Segment Start: RECORDS

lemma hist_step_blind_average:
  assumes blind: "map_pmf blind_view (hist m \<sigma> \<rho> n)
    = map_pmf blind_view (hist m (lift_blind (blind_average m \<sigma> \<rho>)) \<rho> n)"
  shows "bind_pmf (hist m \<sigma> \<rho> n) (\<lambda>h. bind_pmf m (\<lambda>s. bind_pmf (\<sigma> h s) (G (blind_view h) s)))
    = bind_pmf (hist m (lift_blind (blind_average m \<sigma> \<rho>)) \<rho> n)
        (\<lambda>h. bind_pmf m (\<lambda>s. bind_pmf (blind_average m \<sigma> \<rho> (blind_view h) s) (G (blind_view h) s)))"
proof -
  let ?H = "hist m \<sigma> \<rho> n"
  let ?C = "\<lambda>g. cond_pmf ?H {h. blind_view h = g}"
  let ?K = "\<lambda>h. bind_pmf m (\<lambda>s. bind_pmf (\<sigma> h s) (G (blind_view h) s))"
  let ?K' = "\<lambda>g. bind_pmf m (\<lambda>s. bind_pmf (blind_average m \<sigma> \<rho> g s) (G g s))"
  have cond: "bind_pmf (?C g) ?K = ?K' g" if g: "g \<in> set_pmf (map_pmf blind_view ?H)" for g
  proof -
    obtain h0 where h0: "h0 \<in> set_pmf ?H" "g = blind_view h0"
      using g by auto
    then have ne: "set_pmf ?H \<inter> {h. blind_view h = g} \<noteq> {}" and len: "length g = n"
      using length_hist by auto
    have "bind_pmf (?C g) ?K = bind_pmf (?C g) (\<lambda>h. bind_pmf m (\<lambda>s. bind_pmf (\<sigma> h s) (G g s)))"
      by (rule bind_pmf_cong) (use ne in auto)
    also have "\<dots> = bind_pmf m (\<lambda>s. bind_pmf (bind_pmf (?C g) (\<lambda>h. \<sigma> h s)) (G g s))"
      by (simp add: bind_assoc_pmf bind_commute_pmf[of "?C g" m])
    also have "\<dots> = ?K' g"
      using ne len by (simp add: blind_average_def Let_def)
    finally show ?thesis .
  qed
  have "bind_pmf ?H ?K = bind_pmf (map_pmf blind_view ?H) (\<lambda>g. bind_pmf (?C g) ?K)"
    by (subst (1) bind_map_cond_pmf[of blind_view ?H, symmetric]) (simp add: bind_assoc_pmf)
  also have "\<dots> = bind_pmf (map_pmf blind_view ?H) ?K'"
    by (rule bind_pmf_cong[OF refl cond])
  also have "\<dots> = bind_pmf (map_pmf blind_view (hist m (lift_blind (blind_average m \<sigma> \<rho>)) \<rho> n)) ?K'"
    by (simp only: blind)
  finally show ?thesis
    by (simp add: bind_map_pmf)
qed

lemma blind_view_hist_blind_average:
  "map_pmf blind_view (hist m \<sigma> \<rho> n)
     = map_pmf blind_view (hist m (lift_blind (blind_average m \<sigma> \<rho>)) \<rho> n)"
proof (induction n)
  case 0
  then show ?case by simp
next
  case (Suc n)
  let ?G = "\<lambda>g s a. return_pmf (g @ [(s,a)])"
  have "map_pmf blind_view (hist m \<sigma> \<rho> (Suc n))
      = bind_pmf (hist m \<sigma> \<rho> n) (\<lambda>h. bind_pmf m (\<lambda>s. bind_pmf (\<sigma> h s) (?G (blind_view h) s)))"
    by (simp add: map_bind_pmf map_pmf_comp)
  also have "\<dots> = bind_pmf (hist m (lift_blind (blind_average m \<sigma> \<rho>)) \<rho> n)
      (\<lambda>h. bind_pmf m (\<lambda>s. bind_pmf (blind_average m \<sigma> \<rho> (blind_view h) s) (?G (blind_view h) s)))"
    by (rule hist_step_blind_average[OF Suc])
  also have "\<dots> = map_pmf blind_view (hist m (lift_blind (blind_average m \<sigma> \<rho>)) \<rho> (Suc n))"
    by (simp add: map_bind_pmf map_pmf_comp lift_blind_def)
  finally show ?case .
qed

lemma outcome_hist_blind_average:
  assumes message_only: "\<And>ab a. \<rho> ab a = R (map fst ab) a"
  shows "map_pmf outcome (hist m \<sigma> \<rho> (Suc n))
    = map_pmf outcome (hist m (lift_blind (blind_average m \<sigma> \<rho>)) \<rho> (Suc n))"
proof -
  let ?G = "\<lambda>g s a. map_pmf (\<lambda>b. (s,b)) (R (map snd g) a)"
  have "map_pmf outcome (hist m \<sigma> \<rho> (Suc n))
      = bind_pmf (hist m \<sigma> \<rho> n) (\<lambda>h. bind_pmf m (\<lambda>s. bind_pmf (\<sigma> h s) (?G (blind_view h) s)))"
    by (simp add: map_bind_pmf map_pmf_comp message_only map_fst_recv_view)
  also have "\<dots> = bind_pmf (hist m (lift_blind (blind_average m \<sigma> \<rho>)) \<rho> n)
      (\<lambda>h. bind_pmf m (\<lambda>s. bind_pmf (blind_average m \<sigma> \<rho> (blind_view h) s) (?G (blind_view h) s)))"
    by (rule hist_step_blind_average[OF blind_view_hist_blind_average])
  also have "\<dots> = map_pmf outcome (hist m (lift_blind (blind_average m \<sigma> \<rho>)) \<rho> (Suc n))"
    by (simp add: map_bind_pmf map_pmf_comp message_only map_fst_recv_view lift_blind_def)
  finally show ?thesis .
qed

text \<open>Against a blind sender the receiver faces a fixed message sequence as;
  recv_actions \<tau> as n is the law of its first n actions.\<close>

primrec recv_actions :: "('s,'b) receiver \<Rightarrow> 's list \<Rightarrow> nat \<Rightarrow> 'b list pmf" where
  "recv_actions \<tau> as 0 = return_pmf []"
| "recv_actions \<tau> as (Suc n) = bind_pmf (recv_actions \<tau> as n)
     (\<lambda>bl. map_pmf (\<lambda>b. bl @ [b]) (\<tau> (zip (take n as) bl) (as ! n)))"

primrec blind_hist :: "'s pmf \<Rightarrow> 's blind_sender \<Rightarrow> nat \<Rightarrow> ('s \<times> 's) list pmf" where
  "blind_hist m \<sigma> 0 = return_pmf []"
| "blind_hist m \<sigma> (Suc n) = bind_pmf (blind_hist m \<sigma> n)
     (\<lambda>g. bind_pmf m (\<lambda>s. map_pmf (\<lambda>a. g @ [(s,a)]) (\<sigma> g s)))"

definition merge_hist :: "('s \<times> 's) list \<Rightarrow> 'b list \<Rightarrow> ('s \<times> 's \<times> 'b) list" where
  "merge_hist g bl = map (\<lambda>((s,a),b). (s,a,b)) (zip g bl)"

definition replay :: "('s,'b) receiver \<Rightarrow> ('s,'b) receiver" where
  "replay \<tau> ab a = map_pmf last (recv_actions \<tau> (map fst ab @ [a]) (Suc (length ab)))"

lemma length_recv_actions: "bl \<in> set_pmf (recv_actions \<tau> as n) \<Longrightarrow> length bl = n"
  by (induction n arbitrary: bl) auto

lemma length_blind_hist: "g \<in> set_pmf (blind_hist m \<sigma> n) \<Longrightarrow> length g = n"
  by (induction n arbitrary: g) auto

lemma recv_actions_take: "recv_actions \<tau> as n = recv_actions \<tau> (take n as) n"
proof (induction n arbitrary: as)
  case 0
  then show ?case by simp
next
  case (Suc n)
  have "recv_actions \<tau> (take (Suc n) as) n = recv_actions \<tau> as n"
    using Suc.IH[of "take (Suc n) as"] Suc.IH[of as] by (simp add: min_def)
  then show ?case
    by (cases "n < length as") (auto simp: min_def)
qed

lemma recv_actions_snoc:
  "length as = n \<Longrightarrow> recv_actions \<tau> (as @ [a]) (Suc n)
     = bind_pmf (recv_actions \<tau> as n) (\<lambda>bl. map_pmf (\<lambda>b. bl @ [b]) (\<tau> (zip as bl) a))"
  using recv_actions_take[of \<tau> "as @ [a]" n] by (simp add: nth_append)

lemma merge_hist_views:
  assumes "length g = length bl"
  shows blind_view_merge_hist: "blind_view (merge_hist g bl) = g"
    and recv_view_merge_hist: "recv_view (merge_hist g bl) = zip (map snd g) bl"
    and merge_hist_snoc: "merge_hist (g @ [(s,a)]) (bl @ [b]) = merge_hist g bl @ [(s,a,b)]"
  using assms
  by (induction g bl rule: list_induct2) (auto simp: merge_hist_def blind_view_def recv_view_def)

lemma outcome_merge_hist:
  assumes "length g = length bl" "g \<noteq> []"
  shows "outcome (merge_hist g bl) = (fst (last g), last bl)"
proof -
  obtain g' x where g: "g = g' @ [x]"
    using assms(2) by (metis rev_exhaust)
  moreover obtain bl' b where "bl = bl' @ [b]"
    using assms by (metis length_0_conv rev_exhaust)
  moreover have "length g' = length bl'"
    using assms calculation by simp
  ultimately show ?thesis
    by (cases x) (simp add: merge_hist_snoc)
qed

Segment End: RECORDS
Segment Start: RECORDS

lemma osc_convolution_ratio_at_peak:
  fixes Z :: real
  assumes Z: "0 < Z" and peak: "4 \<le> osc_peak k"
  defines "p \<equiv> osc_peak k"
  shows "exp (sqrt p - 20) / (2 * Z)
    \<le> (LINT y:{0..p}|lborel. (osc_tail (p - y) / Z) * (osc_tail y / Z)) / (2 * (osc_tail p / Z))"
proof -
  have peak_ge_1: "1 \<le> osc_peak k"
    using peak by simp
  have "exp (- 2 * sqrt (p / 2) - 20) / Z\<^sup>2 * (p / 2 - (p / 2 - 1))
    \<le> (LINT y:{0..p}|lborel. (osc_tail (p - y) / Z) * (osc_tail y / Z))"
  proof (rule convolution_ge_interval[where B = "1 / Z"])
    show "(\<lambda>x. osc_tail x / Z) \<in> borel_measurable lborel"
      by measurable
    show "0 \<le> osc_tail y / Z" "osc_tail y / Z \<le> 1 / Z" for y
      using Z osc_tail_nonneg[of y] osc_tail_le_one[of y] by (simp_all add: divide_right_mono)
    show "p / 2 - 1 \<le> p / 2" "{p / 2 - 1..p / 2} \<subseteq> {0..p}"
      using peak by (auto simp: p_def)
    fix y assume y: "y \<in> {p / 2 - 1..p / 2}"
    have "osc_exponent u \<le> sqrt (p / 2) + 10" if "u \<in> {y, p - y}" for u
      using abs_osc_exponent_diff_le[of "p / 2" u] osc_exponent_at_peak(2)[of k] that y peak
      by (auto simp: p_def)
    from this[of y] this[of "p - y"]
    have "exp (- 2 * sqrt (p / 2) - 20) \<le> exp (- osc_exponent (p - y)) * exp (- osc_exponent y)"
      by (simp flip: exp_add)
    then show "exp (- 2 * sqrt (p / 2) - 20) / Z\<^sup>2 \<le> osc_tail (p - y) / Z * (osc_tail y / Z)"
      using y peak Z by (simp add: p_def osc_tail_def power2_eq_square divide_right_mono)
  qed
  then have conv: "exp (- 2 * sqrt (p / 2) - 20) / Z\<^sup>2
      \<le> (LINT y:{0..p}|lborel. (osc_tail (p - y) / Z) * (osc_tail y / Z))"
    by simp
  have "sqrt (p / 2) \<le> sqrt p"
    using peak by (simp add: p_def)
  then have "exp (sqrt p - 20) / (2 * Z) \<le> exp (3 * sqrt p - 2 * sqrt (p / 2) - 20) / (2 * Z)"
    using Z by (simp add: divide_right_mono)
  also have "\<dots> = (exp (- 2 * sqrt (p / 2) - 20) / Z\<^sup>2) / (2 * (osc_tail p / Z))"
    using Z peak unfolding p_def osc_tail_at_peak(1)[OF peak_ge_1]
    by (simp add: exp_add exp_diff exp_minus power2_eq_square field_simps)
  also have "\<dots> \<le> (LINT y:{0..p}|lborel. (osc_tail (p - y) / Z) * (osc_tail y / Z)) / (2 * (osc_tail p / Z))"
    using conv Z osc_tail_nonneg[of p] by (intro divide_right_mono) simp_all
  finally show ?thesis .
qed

Segment End: RECORDS

# [EXERCISE]
Looking back over the data above, restate word for word the lines that begin at the line with "Z\<^sup>2 * (p" and end at the line with "y / Z \<le> 1", inclusive.

# [TASK RESPONSE]
  have "exp (- 2 * sqrt (p / 2) - 20) / Z\<^sup>2 * (p / 2 - (p / 2 - 1))
    \<le> (LINT y:{0..p}|lborel. (osc_tail (p - y) / Z) * (osc_tail y / Z))"
  proof (rule convolution_ge_interval[where B = "1 / Z"])
    show "(\<lambda>x. osc_tail x / Z) \<in> borel_measurable lborel"
      by measurable
    show "0 \<le> osc_tail y / Z" "osc_tail y / Z \<le> 1 / Z" for y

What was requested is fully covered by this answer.